The Ukraine War is now making Russian citizens, at the behest of various quarters, undertake acts of purification in various foreign theatres. They are being told to engage in crude demonstrations of loyalty (or, in some cases, disloyalty). Admit you hate Putin, and you can attend a tournament to earn your crust.
UK Sports Minister Nigel Huddleston has taken a keen interest in this daft effort, hoping to encourage the organisers of Wimbledon, the All England Law Tennis Club (AELTC) to take a more severe approach to players from “pariah states” as long as they do not include such angelic wonders as Saudi Arabia. Before a select parliamentary committee, Huddleston noted that, “Many countries have agreed that they will not allow representatives from Russia to compete. There are also visa issues as well. When it comes to individuals, that is more complex.”
Complexity and Huddleston do not get along. “We need some potential assurance that they are not supporters of Putin and we are considering what requirements we may need to try to get some assurances along those lines.”
Tennis player Daniil Medvedev and his colleagues are facing the prospect that not engaging in public denouncement of the Kremlin will be insufficient to enable them to compete. They are already not permitted to compete under the Russian flag, and they are being told that a Russian winning Wimbledon would be unpardonable for the glorious British tournament. Their country has already been banned from competing in team events such as the Davis Cup and Billie Jean King tournaments.
Across the sporting world, players from Russia now see their country barred by the International Ski Federation, Formula One, hosting the European Champions League Final, the indefensibly boring European curling championships and the International Biathlon Union.
Such expectations are so extreme as to remind one of Cold War parallels. An occasional voice of reason can be found, even if they come from an individual who has no reason to fear repercussions himself. Australian tennis commentator and former player Todd Woodbridge told Nine’s Sports Sunday that this line of reasoning placed one on “slippery and dangerous ground.” Everyone knew “they have families back in whatever part of Russia they are from, and you do not want to be on the wrong side of that, because your family will pay the price.”

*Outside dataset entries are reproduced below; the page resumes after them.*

text \<open>For k = 0 both sides vanish, as H_0 = 0.\<close>

lemma Hfun_has_integral:
  assumes "k \<noteq> 1" and "t \<ge> 0"
  shows "((\<lambda>s. L2 * Hfun M L2 c k s + c * Hfun M L2 c (k - 1) s) has_integral Hfun M L2 c k t) {0..t}"
proof (cases "k = 0")
  case False
  with assms(1) obtain k' where k: "k = Suc (Suc k')"
    by (metis One_nat_def not0_implies_Suc)
  have "((\<lambda>s. L2 * Hfun M L2 c k s + c * Hfun M L2 c (k - 1) s) has_integral
        (Hfun M L2 c k t - Hfun M L2 c k 0)) {0..t}"
    using Hfun_Suc_Suc_has_vector_derivative[of _ t M L2 c k'] unfolding k
    by (intro fundamental_theorem_of_calculus[OF assms(2)]) (simp_all del: Hfun.simps)
  moreover have "Hfun M L2 c k 0 = 0"
    unfolding k by (simp only: Hfun_Suc_Suc_eq) simp
  ultimately show ?thesis by simp
qed simp

lemma Hfun_nonneg:
  assumes "M \<ge> 0" and "c \<ge> 0" and "t \<ge> 0"
  shows "Hfun M L2 c k t \<ge> 0"
  using assms(3)
proof (induction k arbitrary: t rule: induct_nat_012)
  case (ge2 k)
  have "0 \<le> integral {0..t} (\<lambda>s. exp (- (L2 * s)) * Hfun M L2 c (Suc k) s)"
    by (rule integral_nonneg[OF integrable_continuous_real])
      (auto intro!: continuous_intros continuous_on_Hfun mult_nonneg_nonneg ge2(2))
  with assms ge2 show ?case by (simp only: Hfun_Suc_Suc_eq) simp
qed (use assms in auto)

Woodbridge is a reliably unworldly sort, but these are sensible, humane words lost in the feverish hysteria that will cake and cloak discussion in this field for months. From culture to sporting fixtures, the smug, Putin hating establishment, under direction from their various advisors, are being told that denigrating and cancelling the representatives of Barbarian Rus is the way to go. Individuals will be crucified.